RESET Air sets two targets, an "Acceptable Target" and a "High-Performance Target", due to considerations around regional differences as well. RESET Air requires ongoing continuous monitoring and the targets are used as pass/fail thresholds for indoor air quality data that is compiled into a daily average. When comparing against WHO’s AQG, RESET Air’s targets for indoor air quality more closely resembles the 24-hour average targets for short-term exposure.

Image by GIGA

The "Acceptable Targets" and "High-Performance Targets" are not officially set per region to allow for more flexibility, so projects can choose for themselves which target threshold their project will be calculated against.
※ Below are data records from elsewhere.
(* Let $q$ be a prime power, $n\geq 1$, and $c\in\mathbb{F}_q\setminus\{1\}$. Let $f_1,\ldots,f_n:\mathbb{F}_q\to\mathbb{F}_q$ be perfect $c$-nonlinear functions. Let $\{\beta_1,\ldots,\beta_n\}$ be a basis of $\mathbb{F}_{q^n}$ over $\mathbb{F}_q$, let $A$ be the $n\times n$ matrix with $(i,j)$ entry $\beta_i^{q^{j-1}}$, write $A^{-1}=(a_{i,j})_{i,j}$, and for $1\leq k\leq n$ let $L_k(x)=\sum_{i=1}^n a_{i,k}x^{q^{i-1}}$. Then $F:\mathbb{F}_{q^n}\to\mathbb{F}_{q^n}$, $F(x)=\sum_{k=1}^n\beta_k f_k(L_k(x))$, is perfect $c$-nonlinear.
   Context: For a finite field $K$, a function $h:K\to K$ and $c\in K$, let ${}_c\Delta_h(a,b)=\#\{x\in K: h(x+a)-ch(x)=b\}$ and the $c$-differential uniformity is $\delta_{h,c}=\max\{{}_c\Delta_h(a,b): a,b\in K,\ a\neq 0\text{ if } c=1\}$. $h$ is perfect $c$-nonlinear (PcN) if $\delta_{h,c}=1$. *)

theory Defs
  imports "HOL-Computational_Algebra.Primes" "HOL-Library.FuncSet"
begin

definition cDelta :: "'a::field set \<Rightarrow> ('a \<Rightarrow> 'a) \<Rightarrow> 'a \<Rightarrow> 'a \<Rightarrow> 'a \<Rightarrow> nat" where
  "cDelta K h c a b = card {x \<in> K. h (x + a) - c * h x = b}"

definition c_diff_unif :: "'a::field set \<Rightarrow> ('a \<Rightarrow> 'a) \<Rightarrow> 'a \<Rightarrow> nat" where
  "c_diff_unif K h c = Max {cDelta K h c a b | a b. a \<in> K \<and> b \<in> K \<and> (c = 1 \<longrightarrow> a \<noteq> 0)}"

definition PcN :: "'a::field set \<Rightarrow> ('a \<Rightarrow> 'a) \<Rightarrow> 'a \<Rightarrow> bool" where
  "PcN K h c \<longleftrightarrow> c_diff_unif K h c = 1"

text \<open>The subfield F_q of a finite field: the set of roots of x^q - x.\<close>
definition subfield_q :: "nat \<Rightarrow> 'a::field set" where
  "subfield_q q = {x. x ^ q = x}"

definition is_basis_over :: "'a::field set \<Rightarrow> nat \<Rightarrow> (nat \<Rightarrow> 'a) \<Rightarrow> bool" where
  "is_basis_over K n \<beta> \<longleftrightarrow>
     (\<forall>y. \<exists>!l. l \<in> {1..n} \<rightarrow>\<^sub>E K \<and> y = (\<Sum>i=1..n. l i * \<beta> i))"

end

theory Submission
  imports Defs "HOL-Number_Theory.Residues"
begin

text \<open>Write \<open>K\<close> for \<open>F\<^sub>q\<close>. Because \<open>A\<^sup>-\<^sup>1\<close> is a right inverse of \<open>A\<close> and the Frobenius map
  \<open>x \<mapsto> x\<^sup>q\<close> is additive and fixes \<open>K\<close>, the linearized polynomial \<open>L\<^sub>k\<close> sends \<open>x\<close> to its
  \<open>k\<close>-th coordinate in the basis \<open>\<beta>\<close>, and \<open>L\<^sub>k\<close> is additive. Hence
  \<open>F(x + a) - c F(x) = \<Sum>\<^sub>k \<beta>\<^sub>k (f\<^sub>k(L\<^sub>k x + L\<^sub>k a) - c f\<^sub>k(L\<^sub>k x))\<close> with every bracket in \<open>K\<close>, and
  comparing coordinates with \<open>b\<close> shows that \<open>L\<^sub>k x\<close> solves the \<open>c\<close>-differential equation of
  \<open>f\<^sub>k\<close> at \<open>(L\<^sub>k a, L\<^sub>k b)\<close>. That solution is unique, and the coordinates determine \<open>x\<close>.\<close>

lemma CHAR_eq_prime_of_card:
  assumes "prime p" and "card (UNIV :: 'a::{field,finite} set) = p ^ m"
  shows "CHAR('a) = p"
proof -
  have char_prime: "prime CHAR('a)"
    using finite_imp_CHAR_pos[where ?'a='a] prime_CHAR_semidom by auto
  have "CHAR('a) dvd p ^ m"
    using CHAR_dvd_CARD[where ?'a='a] assms(2) by simp
  then have "CHAR('a) dvd p"
    using char_prime prime_dvd_power by blast
  with char_prime assms(1) show ?thesis
    by (simp add: primes_dvd_imp_eq)
qed

lemma power_power_CHAR_add:
  assumes "prime CHAR('a::comm_semiring_1)" and "q = CHAR('a) ^ e"
  shows "(x + y :: 'a) ^ (q ^ j) = x ^ (q ^ j) + y ^ (q ^ j)"
  using freshmans_dream'[OF assms(1), of "q ^ j" "e * j"] assms(2) by (simp add: power_mult)

lemma power_power_CHAR_sum:
  fixes g :: "'b \<Rightarrow> 'a::comm_semiring_1"
  assumes "prime CHAR('a)" and "q = CHAR('a) ^ e"
  shows "sum g A ^ (q ^ j) = (\<Sum>i\<in>A. g i ^ (q ^ j))"
  using freshmans_dream_sum'[OF assms(1), of "q ^ j" "e * j"] assms(2) by (simp add: power_mult)

lemma subfield_q_power_power:
  assumes "x \<in> subfield_q q"
  shows "x ^ (q ^ j) = x"
proof (induction j)
  case (Suc j)
  have "x ^ (q ^ Suc j) = (x ^ q) ^ (q ^ j)"
    by (simp add: power_mult mult.commute)
  with assms Suc show ?case
    by (simp add: subfield_q_def)
qed simp

lemma subfield_q_mult:
  "x \<in> subfield_q q \<Longrightarrow> y \<in> subfield_q q \<Longrightarrow> x * y \<in> subfield_q q"
  by (simp add: subfield_q_def power_mult_distrib)

lemma subfield_q_diff:
  fixes x y :: "'a::field"
  assumes "prime CHAR('a)" and "q = CHAR('a) ^ e"
    and "x \<in> subfield_q q" and "y \<in> subfield_q q"
  shows "x - y \<in> subfield_q q"
proof -
  have "x ^ q = ((x - y) + y) ^ (q ^ 1)"
    by simp
  also have "\<dots> = (x - y) ^ q + y ^ q"
    using power_power_CHAR_add[OF assms(1,2), of "x - y" y 1] by simp
  finally show ?thesis
    using assms(3,4) by (simp add: subfield_q_def eq_diff_eq)
qed

lemma is_basis_over_coordinates_unique:
  assumes "is_basis_over K n \<beta>"
    and "\<forall>k\<in>{1..n}. u k \<in> K" and "\<forall>k\<in>{1..n}. v k \<in> K"
    and "(\<Sum>k=1..n. u k * \<beta> k) = (\<Sum>k=1..n. v k * \<beta> k)"
    and "k \<in> {1..n}"
  shows "u k = v k"
proof -
  have "\<exists>!l. l \<in> {1..n} \<rightarrow>\<^sub>E K \<and> (\<Sum>k=1..n. u k * \<beta> k) = (\<Sum>i=1..n. l i * \<beta> i)"
    using assms(1) unfolding is_basis_over_def by blast
  moreover have "restrict u {1..n} \<in> {1..n} \<rightarrow>\<^sub>E K"
    and "restrict v {1..n} \<in> {1..n} \<rightarrow>\<^sub>E K"
    using assms(2,3) by auto
  moreover have "(\<Sum>k=1..n. u k * \<beta> k) = (\<Sum>i=1..n. restrict u {1..n} i * \<beta> i)"
    and "(\<Sum>k=1..n. u k * \<beta> k) = (\<Sum>i=1..n. restrict v {1..n} i * \<beta> i)"
    using assms(4) by auto
  ultimately have "restrict u {1..n} = restrict v {1..n}"
    by blast
  then show ?thesis
    using assms(5) by (metis restrict_apply')
qed

definition linearized :: "nat \<Rightarrow> nat \<Rightarrow> (nat \<Rightarrow> nat \<Rightarrow> 'a::comm_semiring_1) \<Rightarrow> nat \<Rightarrow> 'a \<Rightarrow> 'a"
  where "linearized q n a k x = (\<Sum>i=1..n. a i k * x ^ (q ^ (i - 1)))"

lemma linearized_add:
  assumes "prime CHAR('a::comm_semiring_1)" and "q = CHAR('a) ^ e"
  shows "linearized q n a k (x + y :: 'a) = linearized q n a k x + linearized q n a k y"
  unfolding linearized_def
  by (simp add: power_power_CHAR_add[OF assms] distrib_left sum.distrib)

lemma linearized_eq_coordinate:
  fixes l :: "nat \<Rightarrow> 'a::field"
  assumes "prime CHAR('a)" and "q = CHAR('a) ^ e"
    and l_in: "\<forall>i\<in>{1..n}. l i \<in> subfield_q q"
    and right_inverse: "\<forall>i\<in>{1..n}. \<forall>j\<in>{1..n}.
        (\<Sum>m=1..n. \<beta> i ^ (q ^ (m - 1)) * a m j) = (if i = j then 1 else 0)"
    and j: "j \<in> {1..n}"
  shows "linearized q n a j (\<Sum>m=1..n. l m * \<beta> m) = l j"
proof -
  have "linearized q n a j (\<Sum>m=1..n. l m * \<beta> m)
      = (\<Sum>i=1..n. a i j * (\<Sum>m=1..n. l m * \<beta> m ^ (q ^ (i - 1))))"
    unfolding linearized_def power_power_CHAR_sum[OF assms(1,2)]
    using l_in by (simp add: power_mult_distrib subfield_q_power_power)
  also have "\<dots> = (\<Sum>m=1..n. l m * (\<Sum>i=1..n. \<beta> m ^ (q ^ (i - 1)) * a i j))"
    by (simp add: sum_distrib_left sum_distrib_right mult_ac) (rule sum.swap)
  also have "\<dots> = (\<Sum>m=1..n. l m * (if m = j then 1 else 0))"
    using right_inverse j by (intro sum.cong) auto
  also have "\<dots> = l j"
    using j by (simp add: if_distrib cong: if_cong)
  finally show ?thesis .
qed

lemma linearized_coordinates:
  assumes "prime CHAR('a::field)" and "q = CHAR('a) ^ e"
    and basis: "is_basis_over (subfield_q q) n \<beta>"
    and right_inverse: "\<forall>i\<in>{1..n}. \<forall>j\<in>{1..n}.
        (\<Sum>m=1..n. \<beta> i ^ (q ^ (m - 1)) * a m j) = (if i = j then 1 else 0)"
  shows "\<forall>k\<in>{1..n}. linearized q n a k x \<in> subfield_q q"
    and "(\<Sum>k=1..n. \<beta> k * linearized q n a k x) = (x :: 'a)"
proof -
  obtain l where l: "l \<in> {1..n} \<rightarrow>\<^sub>E subfield_q q" "x = (\<Sum>m=1..n. l m * \<beta> m)"
    using basis unfolding is_basis_over_def by blast
  then have coord: "linearized q n a k x = l k" if "k \<in> {1..n}" for k
    using linearized_eq_coordinate[OF assms(1,2) _ right_inverse that] by auto
  show "\<forall>k\<in>{1..n}. linearized q n a k x \<in> subfield_q q"
    using coord l(1) by auto
  show "(\<Sum>k=1..n. \<beta> k * linearized q n a k x) = x"
    using l(2) coord by (simp add: mult.commute)
qed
At the very minimum, every RESET Air Certified project must meet the target threshold limits outlined under "Acceptable Targets", while the "High-Performance targets" are designed for endeavors pursuing more rigorous indoor air quality goals. In regard to PM2.5 measurements, indoor PM2.5 levels cannot exceed 35 μg/m3 and 12 μg/m3 based on "Acceptable Targets" and "High-performance Targets" respectively.

Reducing Indoor PM2.5 Concentration

For indoor environments, there are proactive steps we can take to effectively reduce indoor PM2.5 concentrations and create a healthier living environment. First and foremost, investing in indoor air filtration is essential. Filtration can clean indoor spaces of dust and particulates, and is the most efficient method to lowering indoor PM2.5 levels. In scenarios where the indoor PM2.5 levels are higher than outdoor, diluting it via ventilation can also help (i.e. utilizing exhaust fans in kitchens and bathrooms to remove particulates generated from cooking and other activities).

Photo by Lucas Hoang on Unsplash

Another impactful strategy involves being mindful of indoor pollution sources. For instance, refraining from smoking indoors can significantly curb PM2.5 levels, as tobacco smoke is a known contributor. Furthermore, being cautious with activities that involve combustion, such as using candles or incense, can help prevent the release of particulates into the indoor air.

Photo by Possessed Photography on Unsplash

By adopting these practices, you can play an active role in minimizing indoor PM2.5 concentrations and fostering a healthier living environment for yourself and other occupants.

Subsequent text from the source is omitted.